Face-to-face client service is king in the world of superyachts, not to mention brokers’ in-depth knowledge of the yacht, its crew, and their reputation. It’s this fully bespoke tailoring of a yacht to a client’s exacting requirements that has justified the standard industry commissions of 15 percent to the broker and an additional 5 percent to the central agent, compared to apps reduced commission of 8 percent if a yacht is booked directly through the platform, or 4 percent if the booking is made through a broker.

Successful Partnership

It is easy to understand that hailing a $10 taxi ride with Uber is not comparable to a booking a $500,000 yacht charter on your iPhone, but there is certainly an argument to be made for revolutionizing the methods of traditional superyacht brokerage houses—or, in fact, uniting the two.

Dubbed the “Airbnb for boats,” new charter platform Borrow A Boat teamed up with central agency Ocean Independence in June 2019 to launch its sub-brand Borrow A Boat Plus. The move means that Ocean Independence’s 100-strong fleet of luxury superyachts is now available for charter through Borrow A Boat Plus around the world, alongside the platform’s existing portfolio of 17,000 vessels.

The agency understands that working with a technology leader is essential and the secret is keeping the best of both.

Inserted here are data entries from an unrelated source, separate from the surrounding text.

lemma point_mixture_union_of_atoms_F:
  assumes "Z \<in> C" "\<forall>a\<in>atoms_F. a \<subseteq> Z \<or> a \<inter> Z = {}"
  shows "point_mixture Z = l Z"
proof -
  have "point_mixture Z = (\<Sum>a\<in>atoms_F. \<Sum>b\<in>atoms_proj. \<Sum>c\<in>atoms_G. weight a b c * (if a \<subseteq> Z then 1 else 0))"
  proof (rule point_mixture_eq)
    fix a b c assume "a \<in> atoms_F" "b \<in> atoms_proj" "c \<in> atoms_G" "weight a b c \<noteq> 0"
    then have "witness a b c \<in> a"
      by (rule witness_mem)
    then show "indicator Z (witness a b c) = (if a \<subseteq> Z then 1 else 0)"
      using assms(2) \<open>a \<in> atoms_F\<close> by (auto simp: indicator_def)
  qed
  also have "\<dots> = (\<Sum>a\<in>atoms_F. if a \<subseteq> Z then l a else 0)"
  proof (rule sum.cong[OF refl])
    fix a assume "a \<in> atoms_F"
    then show "(\<Sum>b\<in>atoms_proj. \<Sum>c\<in>atoms_G. weight a b c * (if a \<subseteq> Z then 1 else 0))
        = (if a \<subseteq> Z then l a else 0)"
      by (cases "a \<subseteq> Z") (simp_all add: sum_weight_G sum_atoms_proj_l)
  qed
  also have "\<dots> = (\<Sum>a\<in>atoms_F. if id a \<subseteq> Z then l (\<Omega>' \<inter> id a) else 0)"
    using atoms_F_subset_space by (intro sum.cong refl) (auto simp: Int_absorb1)
  also have "\<dots> = l (\<Omega>' \<inter> Z)"
    using assms by (intro l.sum_partition[OF atoms_F(1) atoms_F_partition]) auto
  also have "\<dots> = l Z"
    using l.sets_into_space[OF assms(1)] by (simp add: Int_absorb1)
  finally show ?thesis .
qed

The app reaches a wider, younger audience whilst delivering a top-level service, expert advice, diverse knowledge, and financial security.

A flexible and accessible approach that embraces a new generation of digitally-minded charterers does seem to be the preferred method, and with 236 years of history and experience under its belt Camper & Nicholsons, the oldest superyacht brokerage firm in the world is aiming to do just that.

In early June 2019, C&N announced a technology merger with Hong Kong-based NowBoat. “We interpreted the changes in the market and tried to organize the company with new tools and a new strategy to approach the market without losing our experience, human contact, and human touch,” says Paolo Casanis, C&N's Chief Executive.

By taking NowBoat’s digital know-how in-house, C&N is using it to create an advanced platform that will distill yacht intelligence (including fuel usage, marina logs, staff profiles, and search history), speed up operations, improve the process of new enquiries, and to get in touch with a new generation of owners. Importantly, its focus is on furthering the digital experience for both clients and brokers.

The fact is that the market is demanding a digital revolution and this will be essential to reach younger yacht buyers and charterers and if brokerage houses want to survive through the digital era, they need to have a strategy for the digital world.